What procedural steps does an NSL recipient take to petition a court to modify or lift a gag order and how often do they succeed?
Executive summary
National Security Letter (NSL) recipients may invoke statutory “reciprocal notice” procedures, ask the FBI to reconsider its nondisclosure demand, and—if that fails or the recipient prefers—file a petition in federal district court to modify or set aside the gag order; courts have occasionally struck nondisclosure provisions but successful outcomes are rare in practice, and agency reviews lift only a tiny fraction of gag orders (for example, the FBI lifted about 6.4% of gag orders it reviewed between February 2016 and September 2017) [1] [2].
1. The legal lever: statute-authorized court petitions and reciprocal notice
Since the 2006 amendments and later the USA FREEDOM Act, the statutory process allows an NSL recipient to petition a federal district court to modify or set aside both the records request and the accompanying nondisclosure requirement, and provides a “reciprocal notice” mechanism by which a recipient can force an FBI review of the nondisclosure within a short window (the FBI must review within 30 days once reciprocal notice is invoked) [3] [1].
2. The common sequence: counsel, reciprocal notice, agency review, then court
Practically, recipients typically retain counsel (although lawyers who see the NSL are themselves constrained by the nondisclosure) and either request the FBI terminate the nondisclosure under its internal termination procedures or invoke reciprocal notice to trigger the statutory 30‑day review; if the FBI refuses to lift or narrow the gag, the recipient may file a district‑court challenge seeking modification or vacatur of the nondisclosure order [3] [1].
3. What courts actually review and the burden of proof
When a court reviews a nondisclosure order under the statute, it does not apply a broad First Amendment test in every circuit: Congress framed limited statutory grounds under which courts may overturn gag orders—courts may only set aside nondisclosure where they find there is no reason to believe disclosure would harm national security, interfere with investigations or diplomatic relations, or endanger life or safety—so the statutory standard narrows the issues the court will reach, and appellate panels (notably the Ninth Circuit) have at times upheld indefinite gag structures as constitutionally permissible given the availability of a review mechanism [3] [4] [5].

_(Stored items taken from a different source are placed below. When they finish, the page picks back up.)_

lemma continuous_on_delta:
  assumes "k \<ge> 0"
  shows "continuous_on S (delta k)"
proof (cases "k = 0")
  case False
  with assms have "continuous_on S (\<lambda>x. \<bar>2 * sin x\<bar> powr (2 * k))"
    by (intro continuous_on_powr' continuous_intros) auto
  with False show ?thesis
    unfolding delta_def by simp
qed (simp add: delta_def)

lemma delta_nonneg: "delta k x \<ge> 0"
  unfolding delta_def by auto

lemma delta_pos: "sin x \<noteq> 0 \<Longrightarrow> delta k x > 0"
  unfolding delta_def by auto

lemma delta_reflect: "delta k (2 * pi - x) = delta k x"
  unfolding delta_def by (simp add: sin_diff)

lemma expi_2pi: "expi m (2 * pi) = 1"
  using exp_integer_2pi[of "of_int m"] by (simp add: mult_ac)

lemma expi_reflect: "expi m (2 * pi - x) = expi (- m) x"
  using expi_2pi[of m] by (simp add: right_diff_distrib exp_diff exp_minus field_simps)

lemma integral_reflect_2pi:
  "integral {0..2*pi} (\<lambda>x. f (2*pi - x)) = integral {0..2*pi} (f :: real \<Rightarrow> complex)"
proof -
  have "integral {-0..-(-(2*pi))} (\<lambda>x. f (-x + 2*pi)) = integral {-(2*pi)..0} (\<lambda>x. f (x + 2*pi))"
    by (rule Henstock_Kurzweil_Integration.integral_reflect_real)
  also have "\<dots> = integral {0..2*pi} f"
    using integral_shift_Icc_real[of "-(2*pi)" 0 f "2*pi"] by (simp add: o_def add.commute)
  finally show ?thesis
    unfolding minus_zero minus_minus by (simp add: add.commute[of "- _"])
qed

lemma integral_expi: "integral {0..2*pi} (expi l) = (if l = 0 then 2 * pi else 0)"
proof (cases "l = 0")
  case False
  with expi_2pi[of l] show ?thesis
    using Kronecker_Approximation_Theorem.integral_exp[of "2 * pi" "\<i> * of_int l"] by simp
qed (simp add: scaleR_conv_of_real)

lemma ip_sum_left:
  assumes "k \<ge> 0" "finite S" "\<And>m. m \<in> S \<Longrightarrow> continuous_on {0..2*pi} (f m)"
    "continuous_on {0..2*pi} g"
  shows "ip k (\<lambda>x. \<Sum>m\<in>S. c m * f m x) g = (\<Sum>m\<in>S. c m * ip k (f m) g)"
proof -
  have "integral {0..2*pi} (\<lambda>x. (\<Sum>m\<in>S. c m * f m x) * cnj (g x) * of_real (delta k x))
      = (\<Sum>m\<in>S. integral {0..2*pi} (\<lambda>x. c m * (f m x * cnj (g x) * of_real (delta k x))))"
    unfolding sum_distrib_right mult.assoc using assms
    by (intro integral_sum integrable_continuous_interval continuous_intros continuous_on_delta)
      auto
  then show ?thesis unfolding ip_def by (simp add: sum_distrib_left mult.left_commute)
qed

4. Agency practice and institutional friction: termination procedures versus reality
Congress required periodic review and the FBI adopted internal termination procedures triggered at a three‑year anniversary or case closure, but transparency litigation by civil‑liberties groups revealed that the FBI reviews only a subset of NSLs and that lifts are rare—the EFF’s analysis of FBI data showed only about 6.4% of gag orders reviewed between Feb. 2016 and Sept. 2017 were lifted, and FOIA fights exposed gaps in the Bureau’s recordkeeping and adherence to review mandates [2] [6] [7].
5. How often petitioners succeed — rare but precedent‑setting wins exist
Success in court is the exception, not the rule: many recipients never challenge gag orders and those who do face statutory constraints and deference to government claims; nevertheless, there are high‑profile victories—Nicholas Merrill’s long litigation produced a court lift and published opinion that highlighted First Amendment concerns and forced partial un‑gagging, and other companies (Automattic, Cloudflare, Microsoft) have obtained relief or negotiated lifts in specific instances—but systemic data shows lifts are uncommon in aggregate [8] [9] [10] [1] [2].
6. Practical prescription and realistic expectations
A recipient seeking to end a gag should document invocation of reciprocal notice, retain counsel experienced in national‑security litigation, prepare to litigate under the narrow statutory standards (and in some circuits face precedent upholding indefinite nondisclosure), and budget for protracted fights—the law provides a route, courts sometimes grant relief, but institutional practice and judicial doctrine have combined to make full and routine un‑gagging an uncommon outcome [3] [4] [2].